2002 Institute for Soldier Nanotechnologies (ISN) founded. The mission: to develop and exploit nanotechnology along with light-weight materials to dramatically improve the survivability of soldiers. The ultimate goal is to help the Army create a 21st century “battlesuit” that combines high-tech capabilities with light weight and comfort. Professor Ned Thomas was the founding director.
2003 The DMSE Undergraduate Teaching Lab opens.
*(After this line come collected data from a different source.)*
lemma card_cheaply_found_column_le:
  fixes T :: "(cell, 'p sym, 'o) dtree"
  shows "card {a \<in> {..<n}. cheaply_found k T (mu_input n m (l(j := a))) (a, j)} \<le> k"
proof -
  define P where "P = qpath T (mu_input n m (l(j := n)) :: cell \<Rightarrow> 'p sym)"
  define Q where "Q = filter (\<lambda>c. snd c = j) P"
  define S where "S = {a \<in> {..<n}. cheaply_found k T (mu_input n m (l(j := a))) (a, j)}"
  have "(a, j) \<in> {c \<in> set Q. card (set (takeWhile (\<lambda>e. e \<noteq> c) Q)) < k}" if "a \<in> S" for a
  proof -
    define x where "x = (mu_input n m (l(j := a)) :: cell \<Rightarrow> 'p sym)"
    have agree: "\<And>d. d \<noteq> (a, j) \<Longrightarrow> x d = mu_input n m (l(j := n)) d"
      unfolding x_def by (rule mu_input_fun_upd_eq)
    have found: "(a, j) \<in> set (qpath T x)" and budget: "column_queries T x j \<le> k"
      using \<open>a \<in> S\<close> by (simp_all add: S_def x_def cheaply_found_def)
    have "(a, j) \<in> set Q"
      using found mem_qpath_iff[of "(a, j)" x "mu_input n m (l(j := n))" T] agree by (simp add: Q_def P_def)
    have "card (set (takeWhile (\<lambda>e. e \<noteq> (a, j)) Q)) < column_queries T x j"
      using card_takeWhile_column_less[of "(a, j)" x "mu_input n m (l(j := n))" T, OF agree found]
      by (simp add: Q_def P_def)
    with budget \<open>(a, j) \<in> set Q\<close> show ?thesis by simp
  qed
  then have "card ((\<lambda>a. (a, j)) ` S) \<le> card {c \<in> set Q. card (set (takeWhile (\<lambda>e. e \<noteq> c) Q)) < k}"
    by (intro card_mono) auto
  also have "\<dots> \<le> k"
    by (rule card_early_elements_le)
  finally show ?thesis
    by (simp add: S_def card_image inj_on_def)
qed

lemma zeros_found_mu_input:
  fixes T :: "(cell, 'p sym, 'o) dtree"
  assumes "l \<in> {..<m} \<rightarrow>\<^sub>E {..<n}"
  shows "zeros_found T (mu_input n m l) = card {j \<in> {..<m}. (l j, j) \<in> set (qpath T (mu_input n m l))}"
proof -
  define P where "P = set (qpath T (mu_input n m l :: cell \<Rightarrow> 'p sym))"
  have "{c \<in> P. fst (mu_input n m l c :: 'p sym) = 0} = (\<lambda>j. (l j, j)) ` {j \<in> {..<m}. (l j, j) \<in> P}"
    using assms by (auto simp: mu_input_def PiE_def split: if_splits)
  moreover have "inj (\<lambda>j. (l j, j))"
    by (rule injI) simp
  ultimately show ?thesis
    unfolding zeros_found_def P_def by (simp add: card_image inj_on_subset)
qed

lemma card_PiE_filter_le:
  assumes "finite I" "finite B" "j \<in> I"
    and "\<And>g. card {a \<in> B. Q (g(j := a))} \<le> k"
  shows "card {l \<in> I \<rightarrow>\<^sub>E B. Q l} \<le> k * card ((I - {j}) \<rightarrow>\<^sub>E B)"
proof -
  let ?G = "(I - {j}) \<rightarrow>\<^sub>E B"
  have "{l \<in> I \<rightarrow>\<^sub>E B. Q l} \<subseteq> (\<Union>g\<in>?G. (\<lambda>a. g(j := a)) ` {a \<in> B. Q (g(j := a))})"
  proof
    fix l assume "l \<in> {l \<in> I \<rightarrow>\<^sub>E B. Q l}"
    then have "l = (restrict l (I - {j}))(j := l j)" "restrict l (I - {j}) \<in> ?G" "l j \<in> B" "Q l"
      using \<open>j \<in> I\<close> by (auto simp: PiE_def extensional_def)
    then show "l \<in> (\<Union>g\<in>?G. (\<lambda>a. g(j := a)) ` {a \<in> B. Q (g(j := a))})"
      by (metis (mono_tags, lifting) UN_iff image_eqI mem_Collect_eq)
  qed
  then have "card {l \<in> I \<rightarrow>\<^sub>E B. Q l} \<le> card (\<Union>g\<in>?G. (\<lambda>a. g(j := a)) ` {a \<in> B. Q (g(j := a))})"
    using assms(1,2) by (intro card_mono) (auto simp: finite_PiE)
  also have "\<dots> \<le> (\<Sum>g\<in>?G. card ((\<lambda>a. g(j := a)) ` {a \<in> B. Q (g(j := a))}))"
    by (rule card_UN_le) (use assms(1,2) in \<open>simp add: finite_PiE\<close>)
  also have "\<dots> \<le> (\<Sum>g\<in>?G. k)"
    by (intro sum_mono order_trans[OF card_image_le assms(4)]) (use assms(2) in simp)
  finally show ?thesis by (simp add: mult.commute)
qed

lemma card_expensive_columns_le:
  assumes "finite J"
  shows "Suc k * card {j \<in> J. k < column_queries T x j} \<le> length (qpath T x)"
proof -
  let ?E = "{j \<in> J. k < column_queries T x j}"
  have "Suc k * card ?E = (\<Sum>j\<in>?E. Suc k)"
    by simp
  also have "\<dots> \<le> (\<Sum>j\<in>?E. column_queries T x j)"
    by (rule sum_mono) simp
  also have "\<dots> = card (\<Union>j\<in>?E. {c \<in> set (qpath T x). snd c = j})"
    unfolding column_queries_def by (rule card_UN_disjoint[symmetric]) (use assms in auto)
  also have "\<dots> \<le> card (set (qpath T x))"
    by (rule card_mono) auto
  also have "\<dots> \<le> length (qpath T x)"
    by (rule card_length)
  finally show ?thesis .
qed

lemma zeros_found_le_cheap_plus_expensive:
  fixes T :: "(cell, 'p sym, 'o) dtree"
  assumes "l \<in> {..<m} \<rightarrow>\<^sub>E {..<n}"
  shows "real (zeros_found T (mu_input n m l))
    \<le> real (card {j \<in> {..<m}. cheaply_found k T (mu_input n m l) (l j, j)})
       + real (length (qpath T (mu_input n m l))) / (real k + 1)"
proof -
  let ?x = "mu_input n m l :: cell \<Rightarrow> 'p sym"
  let ?E = "{j \<in> {..<m}. k < column_queries T ?x j}"
  have "zeros_found T ?x \<le> card {j \<in> {..<m}. cheaply_found k T ?x (l j, j)} + card ?E"
    unfolding zeros_found_mu_input[OF assms]
    by (rule order_trans[OF card_mono card_Un_le]) (auto simp: cheaply_found_def)
  moreover have "(real k + 1) * real (card ?E) \<le> real (length (qpath T ?x))"
    using card_expensive_columns_le[of "{..<m}" k T ?x] by (simp add: add.commute flip: of_nat_mult of_nat_Suc)
  then have "real (card ?E) \<le> real (length (qpath T ?x)) / (real k + 1)"
    by (simp add: field_simps)
  ultimately show ?thesis by linarith
qed

lemma sum_card_cheaply_found_le:
  fixes T :: "(cell, 'p sym, 'o) dtree"
  shows "(\<Sum>l\<in>{..<m} \<rightarrow>\<^sub>E {..<n}. card {j \<in> {..<m}. cheaply_found k T (mu_input n m l) (l j, j)})
    \<le> m * (k * n ^ (m - 1))"
proof -
  let ?L = "{..<m} \<rightarrow>\<^sub>E {..<n}"
  let ?C = "\<lambda>l j. cheaply_found k T (mu_input n m l) (l j, j)"
  have count: "card {x \<in> A. P x} = (\<Sum>x\<in>A. of_bool (P x) :: nat)" if "finite A" for A and P :: "'a \<Rightarrow> bool"
    using that by (simp add: Collect_conj_eq Int_commute)
  have "(\<Sum>l\<in>?L. card {j \<in> {..<m}. ?C l j}) = (\<Sum>l\<in>?L. \<Sum>j<m. of_bool (?C l j))"
    by (intro sum.cong refl count) simp
  also have "\<dots> = (\<Sum>j<m. \<Sum>l\<in>?L. of_bool (?C l j))"
    by (rule sum.swap)
  also have "\<dots> = (\<Sum>j<m. card {l \<in> ?L. ?C l j})"
    by (intro sum.cong refl count[symmetric]) (simp add: finite_PiE)
  also have "\<dots> \<le> (\<Sum>j<m. k * n ^ (m - 1))"
  proof (rule sum_mono)
    fix j assume "j \<in> {..<m}"
    then have "card {l \<in> ?L. ?C l j} \<le> k * card (({..<m} - {j}) \<rightarrow>\<^sub>E {..<n})"
      using card_cheaply_found_column_le[where T = T] by (intro card_PiE_filter_le) simp_all
    also have "\<dots> = k * n ^ (m - 1)"
      using \<open>j \<in> {..<m}\<close> by (simp add: card_PiE)
    finally show "card {l \<in> ?L. ?C l j} \<le> k * n ^ (m - 1)" .
  qed
  finally show ?thesis by simp
qed

lemma sum_zeros_found_le:
  fixes T :: "(cell, 'p sym, 'o) dtree"
  shows "(\<Sum>l\<in>{..<m} \<rightarrow>\<^sub>E {..<n}. real (zeros_found T (mu_input n m l)))
    \<le> real m * real k * real n ^ (m - 1)
       + (\<Sum>l\<in>{..<m} \<rightarrow>\<^sub>E {..<n}. real (length (qpath T (mu_input n m l)))) / (real k + 1)"
proof -
  let ?L = "{..<m} \<rightarrow>\<^sub>E {..<n}"
  let ?cheap = "\<lambda>l. real (card {j \<in> {..<m}. cheaply_found k T (mu_input n m l) (l j, j)})"
  have "(\<Sum>l\<in>?L. real (zeros_found T (mu_input n m l)))
      \<le> (\<Sum>l\<in>?L. ?cheap l + real (length (qpath T (mu_input n m l))) / (real k + 1))"
    by (intro sum_mono zeros_found_le_cheap_plus_expensive)
  also have "\<dots> = (\<Sum>l\<in>?L. ?cheap l)
      + (\<Sum>l\<in>?L. real (length (qpath T (mu_input n m l)))) / (real k + 1)"
    by (simp add: sum.distrib sum_divide_distrib)
  moreover have "(\<Sum>l\<in>?L. ?cheap l) \<le> real (m * (k * n ^ (m - 1)))"
    unfolding of_nat_sum[symmetric] by (intro of_nat_mono sum_card_cheaply_found_le)
  ultimately show ?thesis
    by simp
qed

lemma sum_zeros_found_le_fraction:
  fixes T :: "(cell, 'p sym, 'o) dtree" and c :: real
  assumes "c > 0" "n \<ge> 1"
  shows "(\<Sum>l\<in>{..<m} \<rightarrow>\<^sub>E {..<n}. real (zeros_found T (mu_input n m l)))
    \<le> real (card ({..<m} \<rightarrow>\<^sub>E {..<n})) / 4 * (c * real m)
       + (\<Sum>l\<in>{..<m} \<rightarrow>\<^sub>E {..<n}. real (length (qpath T (mu_input n m l)))) / (c * real n / 4)"
proof -
  define k where "k = nat \<lfloor>c * real n / 4\<rfloor>"
  define S where "S = (\<Sum>l\<in>{..<m} \<rightarrow>\<^sub>E {..<n}. real (length (qpath T (mu_input n m l))))"
  have "real k \<le> c * real n / 4" and k_gt: "c * real n / 4 \<le> real k + 1"
    using \<open>c > 0\<close> by (simp_all add: k_def) linarith
  then have "real m * real k * real n ^ (m - 1) \<le> real m * (c * real n / 4) * real n ^ (m - 1)"
    by (intro mult_right_mono mult_left_mono) auto
  also have "\<dots> = real (card ({..<m} \<rightarrow>\<^sub>E {..<n})) / 4 * (c * real m)"
    using \<open>n \<ge> 1\<close> by (cases m) (simp_all add: card_PiE)
  finally have "real m * real k * real n ^ (m - 1) \<le> real (card ({..<m} \<rightarrow>\<^sub>E {..<n})) / 4 * (c * real m)" .
  moreover have "S / (real k + 1) \<le> S / (c * real n / 4)"
    using k_gt \<open>c > 0\<close> \<open>n \<ge> 1\<close> by (intro divide_left_mono) (auto simp: S_def sum_nonneg)
  ultimately show ?thesis
    using sum_zeros_found_le[where T = T and k = k and m = m and n = n] unfolding S_def by linarith
qed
This facility allows the department to closely align classwork and labwork, continuing its mission of hands-on exploration of participation in science and engineering.
2007 DMSE Headquarters moves into a new home on the first floor of Building 6, creating a new Chipman Room and administrative offices.
2008 DMSE graduates launch an Alumni Club, the first group dedicated to a single department at MIT. They build relationships between current students and alumni/ae, providing career mentoring and resources.
2008 Professor Gerbrand Ceder initiates the “Materials Genome Project,” a computer-modeling initiative with the goal of discovering new materials for energy technologies.
2010 The Laboratory for Advanced Materials (LAM) opens on the Infinite Corridor. The lab is a shared and reconfigurable facility for researchers to collaborate on interdisciplinary projects.